Научи меня плохому (СИ) - Риз Екатерина (лучшие бесплатные книги .TXT) 📗
— Конечно! — Катя суетливо вскочила, взяла у него тарелку, а когда спиной повернулась, Жданов улыбнулся. И салфетку к губам прижал, чтобы Катя ничего не заметила, вернувшись к нему.
— Спасибо, милая.
Её это раздражало. Каждый раз, когда он обращался к ней ласково или пытался коснуться, Катя каменела. Жданов это замечал, и про себя повторял, что это будет ей хорошим уроком. Пусть в следующий раз думает, сколько пьёт, и насколько способна себя контролировать в состоянии опьянения.
— А ты… — Катя мучительно пыталась придумать тему для разговора, и ничего кроме «Зималетто» ей в голову не приходило. — Ты на работе был сегодня?
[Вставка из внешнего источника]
(* Let $\mathcal{M}$ be a circular embedding of a connected graph $X$ on a closed orientable surface, with vertex-face transition matrix $U$, and let $\widehat C=\widehat N^T\widehat M$. Let $\mu\in(0,1)$ be an eigenvalue of $\widehat C\widehat C^T$, and choose $\theta$ with $\cos\theta=2\mu-1$. Let $E_\mu$ be the orthogonal projection onto the $\mu$-eigenspace of $\widehat C\widehat C^T$, let $P=\widehat M\widehat M^T$, and set $W=\widehat NE_\mu\widehat N^T$. Then the $e^{i\theta}$-eigenprojection of $U$ is \[\frac{1}{\sin^2\theta}\Big((\cos\theta+1)W-(e^{i\theta}+1)PW-(e^{-i\theta}+1)WP+2PWP\Big),\] and the $e^{-i\theta}$-eigenprojection of $U$ is \[\frac{1}{\sin^2\theta}\Big((\cos\theta+1)W-(e^{-i\theta}+1)PW-(e^{i\theta}+1)WP+2PWP\Big).\]
   Context: Setting. A circular embedding is a cellular embedding in which every face is bounded by a cycle. Arcs are ordered pairs $(u,v)$ with $\{u,v\}$ an edge, and $u$ is the tail. Consistent orientation. Fix an orientation of the face boundaries such that each edge shared by two faces receives opposite directions in them. Then every arc lies in exactly one facial walk. Matrices. - $M$ is the arc-face incidence matrix ($M_{(a,b),f}=1$ iff $(a,b)$ lies in the facial walk of $f$). - $N$ is the arc-tail incidence matrix ($N_{(a,b),u}=1$ iff $a=u$). - $\widehat M,\widehat N$ are these matrices with columns scaled to unit length. - $U=(2\widehat M\widehat M^T-I)(2\widehat N\widehat N^T-I)$ is the vertex-face transition matrix. An eigenprojection is the orthogonal projection onto the corresponding eigenspace. *)

theory Defs
  imports Complex_Main
begin

definition simple_graph :: "'v set \<Rightarrow> ('v \<Rightarrow> 'v \<Rightarrow> bool) \<Rightarrow> bool" where
  "simple_graph V adj \<longleftrightarrow> finite V \<and>
     (\<forall>u v. adj u v \<longrightarrow> u \<in> V \<and> v \<in> V \<and> adj v u \<and> u \<noteq> v)"

definition connected_graph :: "'v set \<Rightarrow> ('v \<Rightarrow> 'v \<Rightarrow> bool) \<Rightarrow> bool" where
  "connected_graph V adj \<longleftrightarrow> V \<noteq> {} \<and>
     (\<forall>u\<in>V. \<forall>v\<in>V. (u, v) \<in> {(x, y). adj x y}\<^sup>*)"

definition nbrs :: "('v \<Rightarrow> 'v \<Rightarrow> bool) \<Rightarrow> 'v \<Rightarrow> 'v set" where
  "nbrs adj u = {v. adj u v}"

text \<open>Arcs: ordered pairs (u,v) with uv an edge; u is the tail.\<close>
definition arcs :: "('v \<Rightarrow> 'v \<Rightarrow> bool) \<Rightarrow> ('v \<times> 'v) set" where
  "arcs adj = {(u, v). adj u v}"

text \<open>A rotation system: at every vertex a cyclic permutation of its neighbours.
  (Heffter--Edmonds: these are exactly the cellular embeddings of a connected graph
  in closed orientable surfaces.)\<close>
definition rotation_system :: "'v set \<Rightarrow> ('v \<Rightarrow> 'v \<Rightarrow> bool) \<Rightarrow> ('v \<Rightarrow> 'v \<Rightarrow> 'v) \<Rightarrow> bool" where
  "rotation_system V adj \<sigma> \<longleftrightarrow>
     (\<forall>u\<in>V. bij_betw (\<sigma> u) (nbrs adj u) (nbrs adj u) \<and>
        (\<forall>x\<in>nbrs adj u. \<forall>y\<in>nbrs adj u. \<exists>n. (\<sigma> u ^^ n) x = y))"

text \<open>Face permutation: the arc following (u,v) in its (consistently oriented) facial walk.\<close>
definition face_perm :: "('v \<Rightarrow> 'v \<Rightarrow> 'v) \<Rightarrow> 'v \<times> 'v \<Rightarrow> 'v \<times> 'v" where
  "face_perm \<sigma> = (\<lambda>(u, v). (v, \<sigma> v u))"

definition orbit :: "('a \<Rightarrow> 'a) \<Rightarrow> 'a \<Rightarrow> 'a set" where
  "orbit f x = {(f ^^ n) x | n. True}"

text \<open>Faces, each identified with the set of arcs of its facial walk.\<close>
definition faces :: "('v \<Rightarrow> 'v \<Rightarrow> bool) \<Rightarrow> ('v \<Rightarrow> 'v \<Rightarrow> 'v) \<Rightarrow> ('v \<times> 'v) set set" where
  "faces adj \<sigma> = (\<lambda>a. orbit (face_perm \<sigma>) a) ` arcs adj"

text \<open>Circular: every facial walk is a cycle (length at least 3, no repeated vertex).\<close>
definition circular :: "('v \<Rightarrow> 'v \<Rightarrow> bool) \<Rightarrow> ('v \<Rightarrow> 'v \<Rightarrow> 'v) \<Rightarrow> bool" where
  "circular adj \<sigma> \<longleftrightarrow>
     (\<forall>a\<in>arcs adj. card (orbit (face_perm \<sigma>) a) \<ge> 3 \<and> inj_on fst (orbit (face_perm \<sigma>) a))"

definition circular_orientable_embedding ::
  "'v set \<Rightarrow> ('v \<Rightarrow> 'v \<Rightarrow> bool) \<Rightarrow> ('v \<Rightarrow> 'v \<Rightarrow> 'v) \<Rightarrow> bool" where
  "circular_orientable_embedding V adj \<sigma> \<longleftrightarrow>
     simple_graph V adj \<and> rotation_system V adj \<sigma> \<and> circular adj \<sigma>"

section \<open>Matrices over finite index sets (functions, relevant on the carriers only)\<close>

definition mmul :: "'j set \<Rightarrow> ('i \<Rightarrow> 'j \<Rightarrow> complex) \<Rightarrow> ('j \<Rightarrow> 'k \<Rightarrow> complex) \<Rightarrow> 'i \<Rightarrow> 'k \<Rightarrow> complex" where
  "mmul J X Y = (\<lambda>i k. \<Sum>j\<in>J. X i j * Y j k)"

definition mtrans :: "('i \<Rightarrow> 'j \<Rightarrow> complex) \<Rightarrow> 'j \<Rightarrow> 'i \<Rightarrow> complex" where
  "mtrans X = (\<lambda>j i. X i j)"

definition idm :: "'i \<Rightarrow> 'i \<Rightarrow> complex" where
  "idm = (\<lambda>i j. if i = j then 1 else 0)"

definition eigenspace :: "'i set \<Rightarrow> ('i \<Rightarrow> 'i \<Rightarrow> complex) \<Rightarrow> complex \<Rightarrow> ('i \<Rightarrow> complex) set" where
  "eigenspace K X lam = {x. (\<forall>i. i \<notin> K \<longrightarrow> x i = 0) \<and> (\<forall>i\<in>K. (\<Sum>j\<in>K. X i j * x j) = lam * x i)}"

definition is_eigenvalue :: "'i set \<Rightarrow> ('i \<Rightarrow> 'i \<Rightarrow> complex) \<Rightarrow> complex \<Rightarrow> bool" where
  "is_eigenvalue K X lam \<longleftrightarrow> (\<exists>x\<in>eigenspace K X lam. \<exists>i\<in>K. x i \<noteq> 0)"

definition cinner :: "'i set \<Rightarrow> ('i \<Rightarrow> complex) \<Rightarrow> ('i \<Rightarrow> complex) \<Rightarrow> complex" where
  "cinner K x y = (\<Sum>i\<in>K. x i * cnj (y i))"

definition is_eigenprojection ::
  "'i set \<Rightarrow> ('i \<Rightarrow> 'i \<Rightarrow> complex) \<Rightarrow> complex \<Rightarrow> ('i \<Rightarrow> 'i \<Rightarrow> complex) \<Rightarrow> bool" where
  "is_eigenprojection K X lam Pm \<longleftrightarrow>
     (\<forall>x. (\<forall>i. i \<notin> K \<longrightarrow> x i = 0) \<longrightarrow>
        (let y = (\<lambda>i. if i \<in> K then \<Sum>j\<in>K. Pm i j * x j else 0) in
          y \<in> eigenspace K X lam \<and> (\<forall>z\<in>eigenspace K X lam. cinner K (\<lambda>i. x i - y i) z = 0)))"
— Заезжал. Там всё в порядке, не волнуйся.
— А про меня что сказал?
— А разве я должен что-то кому-то объяснять?
— Нет, но…
— Просто сказал, что ты с утра плохо себя чувствуешь.
Катя только рот открыла, отложила вилку.
— Ты с ума сошёл?
— А что?
— Ты хоть понимаешь, что все подумают?
Он усмехнулся.
— Да пусть думают, что хотят.
Она не нашла, что ответить.
Этим вечером Катя безумно боялась того момента, когда они с Андреем в постель лягут. Даже в первую брачную ночь, кажется, так не боялась. А тут её просто трясло. Заперлась в ванной, достаточно надолго, воспользовавшись тем, что Андрей по телефону обсуждал с Малиновским встречу с возможными поставщиками. Полежала в горячей ванне, но надежды на то, что муж без неё ляжет в постель и уснёт себе спокойно, не было. Ни одного шанса на это не было. В конце концов вышла, чувствуя себя до ужаса глупо в длинном махровом халате, и сходя с ума из-за того, что её батистовая ночная сорочка враз перестала казаться ей скромной и закрытой. Может, ей в халате лечь? Скажет, что её знобит.
— Юлиана предлагает на следующий показ снять зал побольше. Ты как считаешь?
— Я? Может, тебе об этом Киру спросить?
— Спрошу, конечно, но твоё мнение мне важнее.
— Как мило, — пробормотала Катя, сжимая в руках расчёску. Чувствовала, что Андрей её разглядывает, наверняка удивляется, с чего это она в халате до пят, но пока молчит, не спрашивает.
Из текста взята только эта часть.